Exercise description »
All of the data that follows needs to be printed again, exactly as it reads.

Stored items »
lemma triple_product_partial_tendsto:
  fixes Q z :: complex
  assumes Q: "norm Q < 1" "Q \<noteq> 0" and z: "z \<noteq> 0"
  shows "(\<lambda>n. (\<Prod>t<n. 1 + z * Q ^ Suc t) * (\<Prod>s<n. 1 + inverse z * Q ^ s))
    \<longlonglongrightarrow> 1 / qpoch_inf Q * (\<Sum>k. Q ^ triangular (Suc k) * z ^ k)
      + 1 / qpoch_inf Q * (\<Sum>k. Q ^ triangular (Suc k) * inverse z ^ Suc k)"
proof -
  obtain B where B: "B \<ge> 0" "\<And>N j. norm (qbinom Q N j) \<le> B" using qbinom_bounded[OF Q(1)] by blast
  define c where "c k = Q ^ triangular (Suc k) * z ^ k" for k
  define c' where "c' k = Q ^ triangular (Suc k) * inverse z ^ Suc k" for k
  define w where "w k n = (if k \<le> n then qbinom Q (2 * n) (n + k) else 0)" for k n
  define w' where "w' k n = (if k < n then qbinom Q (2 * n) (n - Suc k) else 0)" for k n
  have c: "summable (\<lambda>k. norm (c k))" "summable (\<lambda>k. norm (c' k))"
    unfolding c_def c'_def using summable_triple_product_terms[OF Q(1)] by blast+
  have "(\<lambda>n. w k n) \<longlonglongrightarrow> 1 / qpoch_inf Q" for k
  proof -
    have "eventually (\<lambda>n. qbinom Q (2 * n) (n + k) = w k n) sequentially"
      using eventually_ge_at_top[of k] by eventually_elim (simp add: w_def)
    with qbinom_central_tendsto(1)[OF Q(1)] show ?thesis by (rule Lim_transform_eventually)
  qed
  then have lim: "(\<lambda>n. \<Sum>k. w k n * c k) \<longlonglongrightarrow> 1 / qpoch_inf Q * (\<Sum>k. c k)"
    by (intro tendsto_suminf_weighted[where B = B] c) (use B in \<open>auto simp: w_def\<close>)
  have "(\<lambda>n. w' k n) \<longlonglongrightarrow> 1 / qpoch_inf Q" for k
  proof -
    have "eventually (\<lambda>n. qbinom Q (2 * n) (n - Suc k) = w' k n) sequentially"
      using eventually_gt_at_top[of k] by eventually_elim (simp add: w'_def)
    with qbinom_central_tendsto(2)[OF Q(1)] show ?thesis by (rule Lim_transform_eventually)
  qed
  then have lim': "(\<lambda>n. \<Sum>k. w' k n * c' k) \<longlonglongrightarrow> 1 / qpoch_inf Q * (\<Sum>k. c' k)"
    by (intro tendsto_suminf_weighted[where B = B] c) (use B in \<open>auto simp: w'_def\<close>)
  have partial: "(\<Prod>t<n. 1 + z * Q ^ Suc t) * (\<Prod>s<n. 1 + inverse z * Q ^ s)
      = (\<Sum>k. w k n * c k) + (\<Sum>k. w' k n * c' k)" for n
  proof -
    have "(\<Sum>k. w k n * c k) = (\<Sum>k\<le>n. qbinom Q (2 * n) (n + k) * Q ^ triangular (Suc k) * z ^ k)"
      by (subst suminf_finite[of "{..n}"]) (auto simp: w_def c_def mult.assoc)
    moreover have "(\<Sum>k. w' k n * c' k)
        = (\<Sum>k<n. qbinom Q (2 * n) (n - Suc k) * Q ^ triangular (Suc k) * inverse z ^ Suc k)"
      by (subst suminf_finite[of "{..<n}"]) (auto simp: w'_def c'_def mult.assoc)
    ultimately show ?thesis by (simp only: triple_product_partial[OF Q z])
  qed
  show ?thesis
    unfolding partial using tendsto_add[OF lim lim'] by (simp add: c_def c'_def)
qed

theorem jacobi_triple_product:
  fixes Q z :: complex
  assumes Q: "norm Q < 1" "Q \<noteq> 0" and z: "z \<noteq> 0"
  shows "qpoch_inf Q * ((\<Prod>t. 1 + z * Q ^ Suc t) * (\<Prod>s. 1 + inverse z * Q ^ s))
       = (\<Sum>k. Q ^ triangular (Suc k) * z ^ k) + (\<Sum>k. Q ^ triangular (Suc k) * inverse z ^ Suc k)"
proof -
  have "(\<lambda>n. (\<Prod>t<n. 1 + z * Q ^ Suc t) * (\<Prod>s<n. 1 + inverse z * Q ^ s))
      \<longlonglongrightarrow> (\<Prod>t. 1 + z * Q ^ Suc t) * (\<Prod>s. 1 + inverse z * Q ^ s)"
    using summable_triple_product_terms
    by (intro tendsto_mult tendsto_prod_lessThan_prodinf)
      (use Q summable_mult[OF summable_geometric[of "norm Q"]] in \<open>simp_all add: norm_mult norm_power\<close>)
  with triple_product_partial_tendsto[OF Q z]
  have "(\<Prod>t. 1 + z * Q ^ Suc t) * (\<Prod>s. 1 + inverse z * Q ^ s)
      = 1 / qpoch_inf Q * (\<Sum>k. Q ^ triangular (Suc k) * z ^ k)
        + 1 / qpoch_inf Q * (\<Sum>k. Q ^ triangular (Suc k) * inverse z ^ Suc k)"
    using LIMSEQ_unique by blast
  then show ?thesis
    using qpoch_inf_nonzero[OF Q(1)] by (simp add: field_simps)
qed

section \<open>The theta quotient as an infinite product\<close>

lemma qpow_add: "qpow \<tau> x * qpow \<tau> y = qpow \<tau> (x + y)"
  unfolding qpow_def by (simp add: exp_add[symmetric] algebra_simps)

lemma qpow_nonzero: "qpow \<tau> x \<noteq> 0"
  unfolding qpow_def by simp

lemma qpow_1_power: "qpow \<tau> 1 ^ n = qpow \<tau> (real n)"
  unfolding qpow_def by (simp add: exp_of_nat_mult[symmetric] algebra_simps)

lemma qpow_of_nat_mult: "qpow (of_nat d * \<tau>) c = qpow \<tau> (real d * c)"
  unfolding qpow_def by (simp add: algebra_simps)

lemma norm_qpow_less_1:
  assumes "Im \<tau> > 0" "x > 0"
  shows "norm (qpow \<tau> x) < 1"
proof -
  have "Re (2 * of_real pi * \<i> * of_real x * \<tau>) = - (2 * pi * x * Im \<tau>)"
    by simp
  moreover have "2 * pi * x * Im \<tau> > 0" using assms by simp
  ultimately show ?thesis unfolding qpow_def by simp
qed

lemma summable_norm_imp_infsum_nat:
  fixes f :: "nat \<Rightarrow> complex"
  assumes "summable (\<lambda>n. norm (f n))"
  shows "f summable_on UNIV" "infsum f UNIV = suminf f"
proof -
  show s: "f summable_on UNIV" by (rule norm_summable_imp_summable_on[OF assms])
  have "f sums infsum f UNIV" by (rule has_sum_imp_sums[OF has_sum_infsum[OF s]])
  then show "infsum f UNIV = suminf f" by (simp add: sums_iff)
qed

Answer to this problem »
lemma triple_product_partial_tendsto:
  fixes Q z :: complex
  assumes Q: "norm Q < 1" "Q \<noteq> 0" and z: "z \<noteq> 0"
  shows "(\<lambda>n. (\<Prod>t<n. 1 + z * Q ^ Suc t) * (\<Prod>s<n. 1 + inverse z * Q ^ s))
    \<longlonglongrightarrow> 1 / qpoch_inf Q * (\<Sum>k. Q ^ triangular (Suc k) * z ^ k)
      + 1 / qpoch_inf Q * (\<Sum>k. Q ^ triangular (Suc k) * inverse z ^ Suc k)"
proof -
  obtain B where B: "B \<ge> 0" "\<And>N j. norm (qbinom Q N j) \<le> B" using qbinom_bounded[OF Q(1)] by blast
  define c where "c k = Q ^ triangular (Suc k) * z ^ k" for k
  define c' where "c' k = Q ^ triangular (Suc k) * inverse z ^ Suc k" for k
  define w where "w k n = (if k \<le> n then qbinom Q (2 * n) (n + k) else 0)" for k n
  define w' where "w' k n = (if k < n then qbinom Q (2 * n) (n - Suc k) else 0)" for k n
  have c: "summable (\<lambda>k. norm (c k))" "summable (\<lambda>k. norm (c' k))"
    unfolding c_def c'_def using summable_triple_product_terms[OF Q(1)] by blast+
  have "(\<lambda>n. w k n) \<longlonglongrightarrow> 1 / qpoch_inf Q" for k
  proof -
    have "eventually (\<lambda>n. qbinom Q (2 * n) (n + k) = w k n) sequentially"
      using eventually_ge_at_top[of k] by eventually_elim (simp add: w_def)
    with qbinom_central_tendsto(1)[OF Q(1)] show ?thesis by (rule Lim_transform_eventually)
  qed
  then have lim: "(\<lambda>n. \<Sum>k. w k n * c k) \<longlonglongrightarrow> 1 / qpoch_inf Q * (\<Sum>k. c k)"
    by (intro tendsto_suminf_weighted[where B = B] c) (use B in \<open>auto simp: w_def\<close>)
  have "(\<lambda>n. w' k n) \<longlonglongrightarrow> 1 / qpoch_inf Q" for k
  proof -
    have "eventually (\<lambda>n. qbinom Q (2 * n) (n - Suc k) = w' k n) sequentially"
      using eventually_gt_at_top[of k] by eventually_elim (simp add: w'_def)
    with qbinom_central_tendsto(2)[OF Q(1)] show ?thesis by (rule Lim_transform_eventually)
  qed
  then have lim': "(\<lambda>n. \<Sum>k. w' k n * c' k) \<longlonglongrightarrow> 1 / qpoch_inf Q * (\<Sum>k. c' k)"
    by (intro tendsto_suminf_weighted[where B = B] c) (use B in \<open>auto simp: w'_def\<close>)
  have partial: "(\<Prod>t<n. 1 + z * Q ^ Suc t) * (\<Prod>s<n. 1 + inverse z * Q ^ s)
      = (\<Sum>k. w k n * c k) + (\<Sum>k. w' k n * c' k)" for n
  proof -
    have "(\<Sum>k. w k n * c k) = (\<Sum>k\<le>n. qbinom Q (2 * n) (n + k) * Q ^ triangular (Suc k) * z ^ k)"
      by (subst suminf_finite[of "{..n}"]) (auto simp: w_def c_def mult.assoc)
    moreover have "(\<Sum>k. w' k n * c' k)
        = (\<Sum>k<n. qbinom Q (2 * n) (n - Suc k) * Q ^ triangular (Suc k) * inverse z ^ Suc k)"
      by (subst suminf_finite[of "{..<n}"]) (auto simp: w'_def c'_def mult.assoc)
    ultimately show ?thesis by (simp only: triple_product_partial[OF Q z])
  qed
  show ?thesis
    unfolding partial using tendsto_add[OF lim lim'] by (simp add: c_def c'_def)
qed

theorem jacobi_triple_product:
  fixes Q z :: complex
  assumes Q: "norm Q < 1" "Q \<noteq> 0" and z: "z \<noteq> 0"
  shows "qpoch_inf Q * ((\<Prod>t. 1 + z * Q ^ Suc t) * (\<Prod>s. 1 + inverse z * Q ^ s))
       = (\<Sum>k. Q ^ triangular (Suc k) * z ^ k) + (\<Sum>k. Q ^ triangular (Suc k) * inverse z ^ Suc k)"
proof -
  have "(\<lambda>n. (\<Prod>t<n. 1 + z * Q ^ Suc t) * (\<Prod>s<n. 1 + inverse z * Q ^ s))
      \<longlonglongrightarrow> (\<Prod>t. 1 + z * Q ^ Suc t) * (\<Prod>s. 1 + inverse z * Q ^ s)"
    using summable_triple_product_terms
    by (intro tendsto_mult tendsto_prod_lessThan_prodinf)
      (use Q summable_mult[OF summable_geometric[of "norm Q"]] in \<open>simp_all add: norm_mult norm_power\<close>)
  with triple_product_partial_tendsto[OF Q z]
  have "(\<Prod>t. 1 + z * Q ^ Suc t) * (\<Prod>s. 1 + inverse z * Q ^ s)
      = 1 / qpoch_inf Q * (\<Sum>k. Q ^ triangular (Suc k) * z ^ k)
        + 1 / qpoch_inf Q * (\<Sum>k. Q ^ triangular (Suc k) * inverse z ^ Suc k)"
    using LIMSEQ_unique by blast
  then show ?thesis
    using qpoch_inf_nonzero[OF Q(1)] by (simp add: field_simps)
qed

section \<open>The theta quotient as an infinite product\<close>

lemma qpow_add: "qpow \<tau> x * qpow \<tau> y = qpow \<tau> (x + y)"
  unfolding qpow_def by (simp add: exp_add[symmetric] algebra_simps)

lemma qpow_nonzero: "qpow \<tau> x \<noteq> 0"
  unfolding qpow_def by simp

lemma qpow_1_power: "qpow \<tau> 1 ^ n = qpow \<tau> (real n)"
  unfolding qpow_def by (simp add: exp_of_nat_mult[symmetric] algebra_simps)

lemma qpow_of_nat_mult: "qpow (of_nat d * \<tau>) c = qpow \<tau> (real d * c)"
  unfolding qpow_def by (simp add: algebra_simps)

lemma norm_qpow_less_1:
  assumes "Im \<tau> > 0" "x > 0"
  shows "norm (qpow \<tau> x) < 1"
proof -
  have "Re (2 * of_real pi * \<i> * of_real x * \<tau>) = - (2 * pi * x * Im \<tau>)"
    by simp
  moreover have "2 * pi * x * Im \<tau> > 0" using assms by simp
  ultimately show ?thesis unfolding qpow_def by simp
qed

lemma summable_norm_imp_infsum_nat:
  fixes f :: "nat \<Rightarrow> complex"
  assumes "summable (\<lambda>n. norm (f n))"
  shows "f summable_on UNIV" "infsum f UNIV = suminf f"
proof -
  show s: "f summable_on UNIV" by (rule norm_summable_imp_summable_on[OF assms])
  have "f sums infsum f UNIV" by (rule has_sum_imp_sums[OF has_sum_infsum[OF s]])
  then show "infsum f UNIV = suminf f" by (simp add: sums_iff)
qed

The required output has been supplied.